## TASK GOAL:
Below are the records. State how many of their lines hold the word "where", and add nothing else.

## SOURCE RECORDS:
lemma markov_eq_destabilize:
  assumes "1 \<le> n" "valid_word n u" "valid_word n v" "braid_eq (n + 1) w (u @ (n, b) # v)"
  shows "(n + 1, w) \<sim>\<^sub>M (n, v @ u)"
proof -
  have valid: "valid_word (n + 1) (u @ (n, b) # v)"
    using assms(1-3) valid_word_mono[of n _ "n + 1"] by simp
  have "(n + 1, w) \<sim>\<^sub>M (n + 1, (u @ [(n, b)]) @ v)"
    using markov_eq_of_braid_eq[of "n + 1"] assms(4) valid braid_eq_valid_word[OF assms(4)] by simp
  also have "\<dots> \<sim>\<^sub>M (n + 1, v @ u @ [(n, b)])"
    using markov_eq.conj[of "n + 1" "u @ [(n, b)]" v] valid by simp
  also have "\<dots> \<sim>\<^sub>M (n, v @ u)"
    using markov_eq.sym[OF markov_eq.stab[of n "v @ u" b]] assms by simp
  finally show ?thesis .
qed

lemma markov_eq_destab_twice_inverse:
  assumes "1 \<le> m" "valid_word m C1" "valid_word m C2"
  shows "(m + 2, C1 @ [(m, True), (m + 1, False)] @ C2 @ [(m, False), (m + 1, False)])
    \<sim>\<^sub>M (m + 1, (m, False) # C1 @ (m, True) # C2 @ [(m, False)])"
proof -
  have "braid_eq (m + 2) (C1 @ [(m, True), (m + 1, False)] @ C2 @ [(m, False), (m + 1, False)])
      (C1 @ [(m, True)] @ C2 @ [(m + 1, False), (m, False), (m + 1, False)])"
    using braid_eq_context[OF braid_eq_commute_word[OF assms(3), of "m + 1" "m + 2" False],
        of "C1 @ [(m, True)]" "[(m, False), (m + 1, False)]"] by simp
  also have "braid_eq (m + 2) \<dots> (C1 @ [(m, True)] @ C2 @ [(m, False), (m + 1, False), (m, False)])"
    using braid_eq_context[OF braid_eq_rel_adj_inv[OF assms(1), of "m + 2"],
        of "C1 @ [(m, True)] @ C2" "[]"] by simp
  finally show ?thesis
    using markov_eq_destabilize[where n = "m + 1" and u = "C1 @ (m, True) # C2 @ [(m, False)]"
        and v = "[(m, False)]" and b = False] assms valid_word_mono[of m _ "m + 1"] by simp
qed

lemma markov_eq_destab_inverse_conjugate:
  assumes "1 \<le> m" "valid_word m D1" "valid_word m D2"
  shows "(m + 2, (m + 1, False) # D1 @ [(m, True), (m + 1, True)]
      @ D2 @ [(m, True), (m + 1, False)])
    \<sim>\<^sub>M (m + 1, [(m, False), (m, False)] @ D2 @ [(m, True)] @ D1 @ [(m, True)])"
proof -
  have valid: "valid_word (m + 1) D1" "valid_word (m + 1) D2"
    "valid_word (m + 2) D1" "valid_word (m + 2) D2"
    using assms(2,3) by (auto intro: valid_word_mono)
  have "braid_eq (m + 2) ((m + 1, False) # D1 @ [(m, True), (m + 1, True)])
      (D1 @ [(m + 1, False), (m, True), (m + 1, True)])"
    using braid_eq_context[OF braid_eq_commute_word[OF assms(2), of "m + 1" "m + 2" False],
        of "[]" "[(m, True), (m + 1, True)]"] by simp
  also have "braid_eq (m + 2) \<dots> (D1 @ [(m, True), (m + 1, True), (m, False)])"
    using braid_eq_context[OF braid_eq_conj_adj[OF assms(1), of "m + 2" True], of D1 "[]"] by simp
  finally have twist: "braid_eq (m + 2) ((m + 1, False) # D1 @ [(m, True), (m + 1, True)])
      (D1 @ [(m, True), (m + 1, True), (m, False)])" .
  have "(m + 2, (m + 1, False) # D1 @ [(m, True), (m + 1, True)] @ D2 @ [(m, True), (m + 1, False)])
      \<sim>\<^sub>M (m + 2, D1 @ [(m, True), (m + 1, True), (m, False)] @ D2 @ [(m, True), (m + 1, False)])"
    using braid_eq_context[OF twist, of "[]" "D2 @ [(m, True), (m + 1, False)]"]
      markov_eq_of_braid_eq[of "m + 2"] valid assms(1) by simp
  also have "\<dots> \<sim>\<^sub>M
      (m + 2, (m + 1, False) # D1 @ [(m, True), (m + 1, True), (m, False)] @ D2 @ [(m, True)])"
    using markov_eq.conj[of "m + 2" "D1 @ [(m, True), (m + 1, True), (m, False)] @ D2 @ [(m, True)]"
        "[(m + 1, False)]"] valid assms(1) by simp
  also have "\<dots> \<sim>\<^sub>M (m + 1, [(m, False), (m, False)] @ D2 @ [(m, True)] @ D1 @ [(m, True)])"
    using markov_eq_destabilize[where n = "m + 1" and u = "D1 @ [(m, True)]"
        and v = "[(m, False), (m, False)] @ D2 @ [(m, True)]" and b = True]
      braid_eq_context[OF twist, of "[]" "(m, False) # D2 @ [(m, True)]"] valid assms(1) by simp
  finally show ?thesis .
qed

lemma markov_eq_destab_square_inverse:
  assumes "1 \<le> m" "valid_word m E1" "valid_word m E2"
  shows "(m + 2, [(m + 1, False), (m + 1, False)] @ E2 @ [(m, s2), (m + 1, True)]
      @ E1 @ [(m, s1), (m + 1, True)])
    \<sim>\<^sub>M (m + 1, (m, False) # E1 @ [(m, s1)] @ E2 @ [(m, True)])"
proof -
  have valid: "valid_word (m + 1) E1" "valid_word (m + 1) E2"
    "valid_word (m + 2) E1" "valid_word (m + 2) E2"
    using assms(2,3) by (auto intro: valid_word_mono)
  have "braid_eq (m + 2)
      ([(m + 1, True), (m + 1, False), (m + 1, False)] @ E2 @ [(m, s2), (m + 1, True)] @ E1 @ [(m, s1)])
      ((m + 1, False) # E2 @ [(m, s2), (m + 1, True)] @ E1 @ [(m, s1)])"
    using braid_eq.free[of "m + 1" "m + 2" "[]" True] by simp
  also have "braid_eq (m + 2) \<dots> (E2 @ [(m + 1, False), (m, s2), (m + 1, True)] @ E1 @ [(m, s1)])"
    using braid_eq_context[OF braid_eq_commute_word[OF assms(3), of "m + 1" "m + 2" False],
        of "[]" "[(m, s2), (m + 1, True)] @ E1 @ [(m, s1)]"] by simp
  also have "braid_eq (m + 2) \<dots> (E2 @ [(m, True), (m + 1, s2), (m, False)] @ E1 @ [(m, s1)])"
    using braid_eq_context[OF braid_eq_conj_adj[OF assms(1), of "m + 2" s2], of E2 "E1 @ [(m, s1)]"]
    by simp
  finally have untwist: "braid_eq (m + 2)
      ([(m + 1, True), (m + 1, False), (m + 1, False)] @ E2 @ [(m, s2), (m + 1, True)] @ E1 @ [(m, s1)])
      (E2 @ [(m, True), (m + 1, s2), (m, False)] @ E1 @ [(m, s1)])" .
  have "(m + 2, [(m + 1, False), (m + 1, False)] @ E2 @ [(m, s2), (m + 1, True)]
        @ E1 @ [(m, s1), (m + 1, True)])
      \<sim>\<^sub>M (m + 2, [(m + 1, True), (m + 1, False), (m + 1, False)] @ E2 @ [(m, s2), (m + 1, True)]
        @ E1 @ [(m, s1)])"
    using markov_eq.conj[of "m + 2"
        "[(m + 1, False), (m + 1, False)] @ E2 @ [(m, s2), (m + 1, True)] @ E1 @ [(m, s1)]"
        "[(m + 1, True)]"] valid assms(1) by simp
  also have "\<dots> \<sim>\<^sub>M (m + 1, (m, False) # E1 @ [(m, s1)] @ E2 @ [(m, True)])"
    using markov_eq_destabilize[where n = "m + 1" and u = "E2 @ [(m, True)]"
        and v = "(m, False) # E1 @ [(m, s1)]" and b = s2] untwist valid assms(1) by simp
  finally show ?thesis .
qed

lemma markov_eq_destab_conjugate:
  assumes "1 \<le> m" "valid_word m E1" "valid_word m E2"
  shows "(m + 1, (m, False) # E1 @ (m, s) # E2 @ [(m, True)]) \<sim>\<^sub>M (m, E1 @ E2)"
proof -
  have valid: "valid_word (m + 1) E1" "valid_word (m + 1) E2"
    using assms(2,3) by (auto intro: valid_word_mono)
  have "(m + 1, (m, False) # E1 @ (m, s) # E2 @ [(m, True)])
      \<sim>\<^sub>M (m + 1, E1 @ (m, s) # E2 @ [(m, True), (m, False)])"
    using markov_eq.conj[of "m + 1" "[(m, False)]" "E1 @ (m, s) # E2 @ [(m, True)]"] valid assms(1) by simp
  also have "\<dots> \<sim>\<^sub>M (m, E2 @ E1)"
    using markov_eq_destabilize[where n = m and u = E1 and v = E2 and b = s]
      braid_eq.free[of m "m + 1" "E1 @ (m, s) # E2" True "[]"] assms by simp
  also have "\<dots> \<sim>\<^sub>M (m, E1 @ E2)"
    using markov_eq.conj[of m E2 E1] assms by simp
  finally show ?thesis .
qed

lemma markov_eq_remove_four_strands:
  assumes "1 \<le> a" "valid_word a B1" "valid_word a B2"
  shows "(a + 4, B1 @ [(a, s1), (a + 1, True), (a + 2, True), (a + 3, False)]
      @ B2 @ [(a, s2), (a + 1, True), (a + 2, False), (a + 3, False)]) \<sim>\<^sub>M (a, B1 @ B2)"
proof -
  have valid: "valid_word (a + 1) B1" "valid_word (a + 1) B2"
    "valid_word (a + 2) B1" "valid_word (a + 2) B2"
    using assms(2,3) by (auto intro: valid_word_mono)
  have "(a + 4, B1 @ [(a, s1), (a + 1, True), (a + 2, True), (a + 3, False)]
      @ B2 @ [(a, s2), (a + 1, True), (a + 2, False), (a + 3, False)])
      \<sim>\<^sub>M (a + 3, (a + 2, False) # B1 @ [(a, s1), (a + 1, True), (a + 2, True)]
      @ B2 @ [(a, s2), (a + 1, True), (a + 2, False)])"
    using markov_eq_destab_twice_inverse[of "a + 2" "B1 @ [(a, s1), (a + 1, True)]"
        "B2 @ [(a, s2), (a + 1, True)]"] valid assms(1) by (simp add: numeral_eq_Suc)
  also have "\<dots> \<sim>\<^sub>M (a + 2, [(a + 1, False), (a + 1, False)] @ B2 @ [(a, s2), (a + 1, True)]
      @ B1 @ [(a, s1), (a + 1, True)])"
    using markov_eq_destab_inverse_conjugate[of "a + 1" "B1 @ [(a, s1)]" "B2 @ [(a, s2)]"]
      valid assms(1) by (simp add: numeral_eq_Suc)
  also have "\<dots> \<sim>\<^sub>M (a + 1, (a, False) # B1 @ [(a, s1)] @ B2 @ [(a, True)])"
    using markov_eq_destab_square_inverse[OF assms] by simp
  also have "\<dots> \<sim>\<^sub>M (a, B1 @ B2)"
    using markov_eq_destab_conjugate[OF assms] by simp
  finally show ?thesis .
qed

## SOLUTION TO THIS EXERCISE:
4